Le terme « décroissance » avait été utilisé en 1994 par Jacques Grinevald pour intituler en français un recueil d’essais de Nicholas Georgescu-Roegen sur l’entropie, l’écologie et l’économie. Cette idée de décroissance a été reprise comme un slogan provocateur en 2001-2002 pour dénoncer l’imposture du « développement durable », cet oxymore qui fait croire à la poursuite indéfinie de la croissance économique. Cependant les idées véhiculées par le mouvement des objecteurs de croissance possèdent une histoire et des racines culturelles plus anciennes. Il y a donc des « précurseurs de la décroissance »*. Voici quelques éléments de réflexion sur l’apport de Simone Weil :
– Il semble que l’homme ne puisse parvenir à alléger le joug des nécessités naturelles sans alourdir d’autant celui de l’oppression sociale, comme par le jeu d’un mystérieux équilibre ;
– C’est uniquement l’ivresse produite par la rapidité du progrès technique qui a fait naître la folle idée que le travail pourrait un jour devenir superflu ;
– Si l’on devait entendre par liberté la simple absence de toute nécessité, ce mot serait vide de toute signification concrète ;
– La complète subordination de l’ouvrier à l’entreprise et à ceux qui la dirigent repose sur la structure de l’usine et non sur le régime de propriété ;
– L’essor de la grande industrie a fait des forces productives la divinité d’une sorte de religion dont Karl Marx a subi malgré lui l’influence en élaborant sa conception de l’histoire (le matérialisme dialectique) ;
– Quoi qu’il en soit, dès qu’on jette un regard sur le régime actuel de la production, il semble assez clair non seulement que ces forces d’économie (la productivité) comportent une limite au-delà de laquelle ils deviennent facteurs de dépense (contre-productivité), mais encore que cette limite est atteinte et dépassée.

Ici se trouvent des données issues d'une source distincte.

lemma square_gap_ge:
  fixes lam0 theta x :: real
  assumes "0 \<le> theta" "theta \<le> 1" "0 \<le> lam0" "lam0 \<le> real n * x" "real i \<le> theta * real n"
  shows "lam0\<^sup>2 * (1 - theta) \<le> ((real n)\<^sup>2 - (real i)\<^sup>2) * x\<^sup>2"
proof -
  have "(real i)\<^sup>2 \<le> theta * (real n)\<^sup>2"
  proof -
    have "(real i)\<^sup>2 \<le> (theta * real n)\<^sup>2"
      using assms by (intro power_mono) auto
    also have "\<dots> = theta * (theta * (real n)\<^sup>2)"
      by (simp add: power2_eq_square)
    also have "\<dots> \<le> theta * (real n)\<^sup>2"
      using assms by (intro mult_left_le_one_le) auto
    finally show ?thesis .
  qed
  then have "((real n)\<^sup>2 - theta * (real n)\<^sup>2) * x\<^sup>2 \<le> ((real n)\<^sup>2 - (real i)\<^sup>2) * x\<^sup>2"
    by (intro mult_right_mono) auto
  then have "(1 - theta) * (real n * x)\<^sup>2 \<le> ((real n)\<^sup>2 - (real i)\<^sup>2) * x\<^sup>2"
    by (simp add: algebra_simps)
  moreover have "lam0\<^sup>2 * (1 - theta) \<le> (real n * x)\<^sup>2 * (1 - theta)"
    using assms by (intro mult_right_mono power_mono) auto
  ultimately show ?thesis
    by (simp add: mult.commute)
qed

section \<open>Bounds for \<open>|z\<^sub>n(k) + 1|\<close>\<close>

lemma norm_zfun_plus_one_le:
  assumes "r > 0"
  shows "cmod (zfun n r + 1) \<le> real n + r"
proof -
  define G where "G = hankel_norm_sq n (1 / r)"
  define S where "S = hankel_moment n (1 / r)"
  have "G \<ge> 1" "0 \<le> S" "S \<le> real n * G"
    using hankel_norm_sq_ge_1[of n "1 / r"] hankel_moment_ge[of n "1 / r"] hankel_moment_le[of n "1 / r"]
    by (simp_all add: G_def S_def)
  then have "S / G \<le> real n" "r / G \<le> r"
    using assms by (simp_all add: divide_le_eq mult.commute)
  moreover have "sqrt ((S / G)\<^sup>2 + (r / G)\<^sup>2) \<le> S / G + r / G"
    using \<open>G \<ge> 1\<close> \<open>0 \<le> S\<close> assms by (intro sqrt_sum_squares_le_sum) auto
  ultimately show ?thesis
    unfolding norm_zfun_plus_one[OF assms] G_def[symmetric] S_def[symmetric] by linarith
qed

lemma one_le_sqrt2_norm_zfun_plus_one:
  assumes "r \<ge> 1"
  shows "1 \<le> sqrt 2 * cmod (zfun n r + 1)"
proof -
  define G where "G = hankel_norm_sq n (1 / r)"
  define S where "S = hankel_moment n (1 / r)"
  have "G \<ge> 1" "G - 1 \<le> S"
    using hankel_norm_sq_ge_1 hankel_moment_ge by (simp_all add: G_def S_def)
  then have "(G - 1)\<^sup>2 \<le> S\<^sup>2"
    by (intro power_mono) auto
  moreover have "1 \<le> r\<^sup>2"
    using assms by simp
  ultimately have "G\<^sup>2 \<le> 2 * (S\<^sup>2 + r\<^sup>2)"
    using zero_le_power2[of "G - 2"] unfolding power2_diff by (simp; linarith)
  then have "1 \<le> 2 * ((S / G)\<^sup>2 + (r / G)\<^sup>2)"
    using \<open>G \<ge> 1\<close> by (simp add: field_simps)
  then have "1\<^sup>2 \<le> (sqrt 2 * sqrt ((S / G)\<^sup>2 + (r / G)\<^sup>2))\<^sup>2"
    by (simp add: power_mult_distrib)
  moreover have "cmod (zfun n r + 1) = sqrt ((S / G)\<^sup>2 + (r / G)\<^sup>2)"
    unfolding G_def S_def using assms by (intro norm_zfun_plus_one) simp
  ultimately show ?thesis
    by (auto intro: power2_le_imp_le[of 1])
qed

lemma norm_zfun_plus_one_ge_large_order:
  assumes "lam0 > 1" and "r \<ge> 1" and "real n > lam0 * r\<^sup>2"
  shows "real n + 1 \<le> 2 * sqrt 2 * (2 / lam0 + 1) * cmod (zfun n r + 1)"
proof -
  define a where "a = 2 / lam0"
  define G where "G = hankel_norm_sq n (1 / r)"
  define S where "S = hankel_moment n (1 / r)"
  have a: "0 < a" "a < 2"
    using assms(1) by (simp_all add: a_def divide_less_eq)
  have "lam0 \<le> lam0 * r\<^sup>2"
    using assms by simp
  then have "1 < real n"
    using assms by linarith
  then have n: "real n \<ge> 2"
    by simp
  have "2 * r\<^sup>2 \<le> a * real n"
    using assms by (simp add: a_def field_simps)
  have "G \<ge> 1"
    by (simp add: G_def hankel_norm_sq_ge_1)
  have "(1 / r)\<^sup>2 * (real n + 1) * (real n * G - S) \<le> 2 * G"
    unfolding G_def S_def by (rule hankel_moment_deficit)
  then have "real n * G - S \<le> 2 * r\<^sup>2 * G / (real n + 1)"
    using assms(2) by (simp add: field_simps)
  also have "\<dots> \<le> a * real n * G / (real n + 1)"
    using \<open>2 * r\<^sup>2 \<le> a * real n\<close> \<open>G \<ge> 1\<close> by (intro divide_right_mono mult_right_mono) auto
  finally have "real n - a * real n / (real n + 1) \<le> S / G"
    using \<open>G \<ge> 1\<close> by (simp add: field_simps)
  also have "S / G \<le> cmod (zfun n r + 1)"
    unfolding G_def S_def using assms(2) by (intro moment_ratio_le_norm_zfun_plus_one) simp
  finally have L: "real n - a * real n / (real n + 1) \<le> cmod (zfun n r + 1)" .
  have "(1 + a) * (real n - a * real n / (real n + 1)) - real n = real n * a * (real n - a) / (real n + 1)"
    by (simp add: field_simps)
  moreover have "0 \<le> real n * a * (real n - a) / (real n + 1)"
    using a n by simp
  ultimately have "real n \<le> (1 + a) * cmod (zfun n r + 1)"
    using a mult_left_mono[OF L, of "1 + a"] by linarith
  have "real n + 1 \<le> 2 * sqrt 2 * real n"
  proof -
    have "2 * real n \<le> 2 * sqrt 2 * real n"
      by (intro mult_right_mono) auto
    then show ?thesis
      using n by linarith
  qed
  also have "\<dots> \<le> 2 * sqrt 2 * ((1 + a) * cmod (zfun n r + 1))"
    using \<open>real n \<le> (1 + a) * cmod (zfun n r + 1)\<close> by (intro mult_left_mono) auto
  finally show ?thesis
    by (simp add: a_def mult_ac add.commute)
qed

lemma hankel_moment_ratio_ge_linear:
  fixes lam0 :: real
  assumes "lam0 > 1"
  obtains c N where "c > 0"
    and "\<And>n x. 0 < x \<Longrightarrow> lam0 \<le> real n * x \<Longrightarrow> N \<le> real n
           \<Longrightarrow> c * (real n + 1) \<le> hankel_moment n x / hankel_norm_sq n x"
proof -
  \<comment> \<open>Below the index \<open>theta * n\<close> the terms \<open>(m + 1) t\<^sub>m\<close> grow at least by the factor \<open>q > 1\<close>.\<close>
  define theta where "theta = (lam0 - 1) / (2 * lam0)"
  define q where "q = lam0\<^sup>2 * (1 - theta)"
  have theta: "0 < theta" "theta < 1"
    using assms by (simp_all add: theta_def field_simps)
  have "q = lam0 * (lam0 + 1) / 2"
    using assms by (simp add: q_def theta_def power2_eq_square field_simps)
  then have "q > 1"
    using assms mult_strict_mono[of 1 lam0 2 "lam0 + 1"] by simp
  obtain K0 where K0: "\<And>K. K \<ge> K0 \<Longrightarrow> real K + 1 \<le> q ^ K"
    using eventually_Suc_le_power[OF \<open>q > 1\<close>] by (auto simp: eventually_sequentially)
  have "theta / 16 * (real n + 1) \<le> hankel_moment n x / hankel_norm_sq n x"
    if "0 < x" "lam0 \<le> real n * x" "(2 * real K0 + 4) / theta \<le> real n" for n x
  proof -
    define K where "K = nat \<lfloor>theta * real n / 2\<rfloor>"
    have large: "2 * real K0 + 4 \<le> theta * real n"
      using that(3) theta by (simp add: field_simps)
    then have K: "real K \<le> theta * real n / 2" "theta * real n / 2 - 1 < real K"
      unfolding K_def by linarith+
    then have "K0 \<le> K" "2 * K \<le> n"
      using large theta mult_left_le_one_le[of "real n" theta] by linarith+
    have "real K * hankel_norm_sq n x \<le> 2 * hankel_moment n x"
    proof (rule hankel_norm_sq_le_moment_of_growth[OF \<open>q > 1\<close> K0[OF \<open>K0 \<le> K\<close>] \<open>2 * K \<le> n\<close>])
      fix i assume "i < 2 * K"
      then show "q \<le> ((real n)\<^sup>2 - (real i)\<^sup>2) * x\<^sup>2"
        unfolding q_def using K theta assms that by (intro square_gap_ge) auto
    qed
    then have "real K / 2 \<le> hankel_moment n x / hankel_norm_sq n x"
      using hankel_norm_sq_ge_1[of n x] by (simp add: field_simps)
    moreover have "theta / 16 * (real n + 1) \<le> real K / 2"
    proof -
      have "theta / 16 * (real n + 1) = theta * real n / 16 + theta / 16"
        by (simp add: algebra_simps)
      then show ?thesis
        using K large theta by linarith
    qed
    ultimately show ?thesis
      by linarith
  qed
  then show thesis
    using that[of "theta / 16" "(2 * real K0 + 4) / theta"] theta by auto
qed

lemma norm_zfun_plus_one_ge_linear:
  fixes lam0 :: real
  assumes "lam0 > 1"
  obtains C0 where "C0 > 0"
    and "\<And>n r. r \<ge> 1 \<Longrightarrow> lam0 * r \<le> real n \<Longrightarrow> real n + 1 \<le> C0 * cmod (zfun n r + 1)"
proof -
  obtain c N where "c > 0" and c: "\<And>n x. 0 < x \<Longrightarrow> lam0 \<le> real n * x \<Longrightarrow> N \<le> real n
      \<Longrightarrow> c * (real n + 1) \<le> hankel_moment n x / hankel_norm_sq n x"
    using hankel_moment_ratio_ge_linear[OF assms] by blast
  define C0 where "C0 = max (1 / c) (sqrt 2 * (N + 1))"
  have "real n + 1 \<le> C0 * cmod (zfun n r + 1)" if "r \<ge> 1" "lam0 * r \<le> real n" for n r
  proof (cases "N \<le> real n")
    case True
    have "c * (real n + 1) \<le> cmod (zfun n r + 1)"
      using c[of "1 / r" n] True that moment_ratio_le_norm_zfun_plus_one[of r n]
      by (simp add: field_simps)
    then have "real n + 1 \<le> 1 / c * cmod (zfun n r + 1)"
      using \<open>c > 0\<close> by (simp add: field_simps)
    also have "\<dots> \<le> C0 * cmod (zfun n r + 1)"
      unfolding C0_def by (intro mult_right_mono) auto
    finally show ?thesis .
  next
    case False
    have "N + 1 \<le> (N + 1) * (sqrt 2 * cmod (zfun n r + 1))"
      using False one_le_sqrt2_norm_zfun_plus_one[OF that(1), of n]
        mult_left_mono[of 1 "sqrt 2 * cmod (zfun n r + 1)" "N + 1"] by simp
    then have "real n + 1 \<le> (N + 1) * (sqrt 2 * cmod (zfun n r + 1))"
      using False by linarith
    also have "\<dots> = sqrt 2 * (N + 1) * cmod (zfun n r + 1)"
      by (simp only: mult_ac)
    also have "\<dots> \<le> C0 * cmod (zfun n r + 1)"
      unfolding C0_def by (intro mult_right_mono) auto
    finally show ?thesis .
  qed
  moreover have "C0 > 0"
    using \<open>c > 0\<close> by (simp add: C0_def less_max_iff_disj)
  ultimately show thesis
    using that by blast
qed

lemma divide_le_of_le_mult:
  fixes k w a C :: real
  assumes "0 \<le> k" "0 < w" "0 < a" "a \<le> C * w"
  shows "k / w \<le> C * k / a"
proof -
  have "k * a \<le> k * (C * w)"
    using assms by (intro mult_left_mono) auto
  then show ?thesis
    using assms by (simp add: divide_simps mult_ac)
qed

theorem lemma5p2:
  fixes lam0 :: real
  assumes "lam0 > 1"
  shows "\<exists>C0 > 0. \<forall>lam \<ge> lam0. \<forall>k::real. k \<ge> 1 \<longrightarrow> (\<forall>n::nat.
      k / cmod (zfun n k + 1) \<le> 2 * sqrt 2 * k
    \<and> (real n > lam * k\<^sup>2 \<longrightarrow>
         k / cmod (zfun n k + 1) \<le> 2 * sqrt 2 * (2 / lam0 + 1) * k / (real n + 1))
    \<and> (real n \<ge> lam * k \<longrightarrow> k / cmod (zfun n k + 1) \<le> C0 * k / (real n + 1))
    \<and> cmod (zfun n k + 1) / k \<le> 1 + real n / k)"
proof -
  obtain C0 where "C0 > 0"
    and C0: "\<And>n r. r \<ge> 1 \<Longrightarrow> lam0 * r \<le> real n \<Longrightarrow> real n + 1 \<le> C0 * cmod (zfun n r + 1)"
    using norm_zfun_plus_one_ge_linear[OF assms] by blast
  have "k / cmod (zfun n k + 1) \<le> 2 * sqrt 2 * k
    \<and> (real n > lam * k\<^sup>2 \<longrightarrow>
         k / cmod (zfun n k + 1) \<le> 2 * sqrt 2 * (2 / lam0 + 1) * k / (real n + 1))
    \<and> (real n \<ge> lam * k \<longrightarrow> k / cmod (zfun n k + 1) \<le> C0 * k / (real n + 1))
    \<and> cmod (zfun n k + 1) / k \<le> 1 + real n / k"
    if "lam \<ge> lam0" "k \<ge> 1" for lam k n
  proof (intro conjI impI)
    have lower: "1 \<le> sqrt 2 * cmod (zfun n k + 1)"
      using that(2) by (rule one_le_sqrt2_norm_zfun_plus_one)
    then have "cmod (zfun n k + 1) > 0"
      by (auto intro: ccontr)
    show "k / cmod (zfun n k + 1) \<le> 2 * sqrt 2 * k"
      using divide_le_of_le_mult[of k _ 1 "2 * sqrt 2"] lower \<open>cmod (zfun n k + 1) > 0\<close> that by simp
    show "k / cmod (zfun n k + 1) \<le> 2 * sqrt 2 * (2 / lam0 + 1) * k / (real n + 1)"
      if "real n > lam * k\<^sup>2"
    proof (rule divide_le_of_le_mult)
      have "lam0 * k\<^sup>2 \<le> lam * k\<^sup>2"
        using \<open>lam \<ge> lam0\<close> by (intro mult_right_mono) auto
      then show "real n + 1 \<le> 2 * sqrt 2 * (2 / lam0 + 1) * cmod (zfun n k + 1)"
        using that by (intro norm_zfun_plus_one_ge_large_order[OF assms \<open>k \<ge> 1\<close>]) auto
    qed (use \<open>k \<ge> 1\<close> \<open>cmod (zfun n k + 1) > 0\<close> in auto)
    show "k / cmod (zfun n k + 1) \<le> C0 * k / (real n + 1)" if "real n \<ge> lam * k"
    proof (rule divide_le_of_le_mult)
      have "lam0 * k \<le> lam * k"
        using \<open>lam \<ge> lam0\<close> \<open>k \<ge> 1\<close> by (intro mult_right_mono) auto
      then show "real n + 1 \<le> C0 * cmod (zfun n k + 1)"
        using that by (intro C0 \<open>k \<ge> 1\<close>) auto
    qed (use \<open>k \<ge> 1\<close> \<open>cmod (zfun n k + 1) > 0\<close> in auto)
    show "cmod (zfun n k + 1) / k \<le> 1 + real n / k"
      using norm_zfun_plus_one_le[of k n] that(2) by (simp add: divide_simps)
  qed
  then show ?thesis
    using \<open>C0 > 0\<close> by blast
qed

Selon Simone Weil, pour s’opposer à la division du travail et à la subordination de l’ouvrier, il faut un enracinement qui repose sur l’organisation de communautés autonomes, de petites unités de production reliées entre elles. Cela suppose une éducation qui, dès le plus jeune âge, habitue les enfants à mépriser le rapport de forces, jusque dans les cours de récréation. Ce sont les affects qu’il faut toucher car la force a sa racine dans la fascination qu’elle exerce, comme le montre l’engouement des masses pour Hitler. Simone Weil refuse cependant les formes conservatrices de l’enracinement ; elle remplace la Terre par le champ, le Peuple par l’amitié, la Patrie par la culture. Il s’agit d’une relocalisation des solidarités. L’enracinement suppose des devoirs permettant de développer une spiritualité capable d’apercevoir que le moi fait obstacle à l’amour du monde.
* Les précurseurs de la décroissance, une anthologie (Éditions le passager clandestin 2016, 272 pages pour 15 euros)
Bonne année à tous
Oh que oui ! toutes les réflexions fondamentales ont été faites depuis longtemps, et bien avant Simone Weil. La sagesse a en effet une longue histoire, et il semble bien que nous ayons un sacré problème avec ça.
Admettant que l’Homme en soit capable… puisse cette année être celle de l’acceptation de la réalité et d’un véritable élan vers la joie de vivre dans la simplicité volontaire.
Comme en beaucoup d’autres domaines ils semblent que toutes les réflexions fondamentales aient été faites depuis longtemps, Simone Weil en est une preuve de plus.